Resil Buagas Mojares (born September 4, 1943) is a Filipino historian and critic of Philippine literature best known as for his books on Philippine history. He is acclaimed by various writers and critics as the Visayan Titan of Letters, due to his immense contribution to Visayan literature. He was recognized in 2018 as a National Artist of the Philippines for Literature - a conferment which represents the Philippine state's highest recognition for artists.

Early life and education
Mojares was born to parents who were public school teachers on September 4, 1943 in Polanco, Zamboanga del Norte.

Mojares has a bachelor's degree in English, a master's degree in Literature and postgraduate studies all at the University of San Carlos, as well as a Ph.D. in Literature from the University of the Philippines Diliman.

Career
He was one of the first Cebuanos to become a political prisoner during Martial Law, arrested on September 23, 1972, the day Marcos announced that he had placed the Philippines under Martial law.

A retired Professor at the University of San Carlos (USC) in Cebu City, he was a founding director (1975–96) of USC's Cebuano Studies Center, a pioneering local studies center in the Philippines.

Mojares has authored books on Philippine history, literature, and politics, including studies on three eminent Filipino intellectuals (Pedro Paterno, T. H. Pardo de Tavera, and Isabelo de los Reyes).

He has been a recipient of six Philippine National Book Awards.
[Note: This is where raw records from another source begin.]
(* Let $J_0$ be a two-sided $p$-periodic Jacobi matrix with discriminant $\Delta_{J_0}$ and isospectral torus $\mathcal{T}_{J_0}$. Let $J$ be a two-sided (not a priori periodic) Jacobi matrix. Then $\Delta_{J_0}(J)=S^p+S^{-p}$ if and only if $J\in\mathcal{T}_{J_0}$, where $S$ is the right shift on $\ell^2(\mathbb{Z})$.
   Context: A two-sided Jacobi matrix is the bounded tridiagonal operator on $\ell^2(\mathbb{Z})$ with $J_{nn}=b_n\in\mathbb{R}$, $J_{n,n+1}=J_{n+1,n}=a_n>0$ ($\{a_n,b_n\}$ bounded). $J_0$ is $p$-periodic if its parameters are $p$-periodic. Its discriminant is the polynomial $\Delta_{J_0}(x)=\mathrm{Tr}(\Lambda_p(x)\cdots\Lambda_1(x))$, $\Lambda_n(x)=\frac1{a^{(0)}_n}\begin{pmatrix}x-b^{(0)}_n&-1\\(a^{(0)}_n)^2&0\end{pmatrix}$, of degree $p$; $\Delta_{J_0}(J)$ is this polynomial applied to the operator $J$. The isospectral torus $\mathcal{T}_{J_0}$ is the set of two-sided $p$-periodic Jacobi matrices whose discriminant equals $\Delta_{J_0}$ (equivalently, with the same spectrum as $J_0$). The right shift is $(Su)_n=u_{n-1}$. *)

theory Defs
  imports "HOL-Analysis.Analysis" "HOL-Computational_Algebra.Polynomial"
begin

text \<open>A two-sided Jacobi matrix is given by its parameters a, b :: int \<Rightarrow> real:
  diagonal entries b n, off-diagonal entries J(n,n+1) = J(n+1,n) = a n.\<close>

definition jacobi_params :: "(int \<Rightarrow> real) \<Rightarrow> (int \<Rightarrow> real) \<Rightarrow> bool" where
  "jacobi_params a b \<longleftrightarrow> (\<forall>n. a n > 0) \<and> bounded (range a) \<and> bounded (range b)"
His books include The War Against the Americans: Resistance and Collaboration in Cebu Province; Aboitiz: Family & Firm in the Philippines; House of Memory: Essays; and Vicente Sotto, The Maverick Senator (Cebuano Studies Center, 1992).

Mojares has been a visiting professor at Kyoto University, the National University of Singapore, and the University of California at Los Angeles where he lectures on "The Philippine Novel" and "Topics in Philippine Cultural History".

Mojares is writing the history of Cebu Province for the Cebu Town History Project.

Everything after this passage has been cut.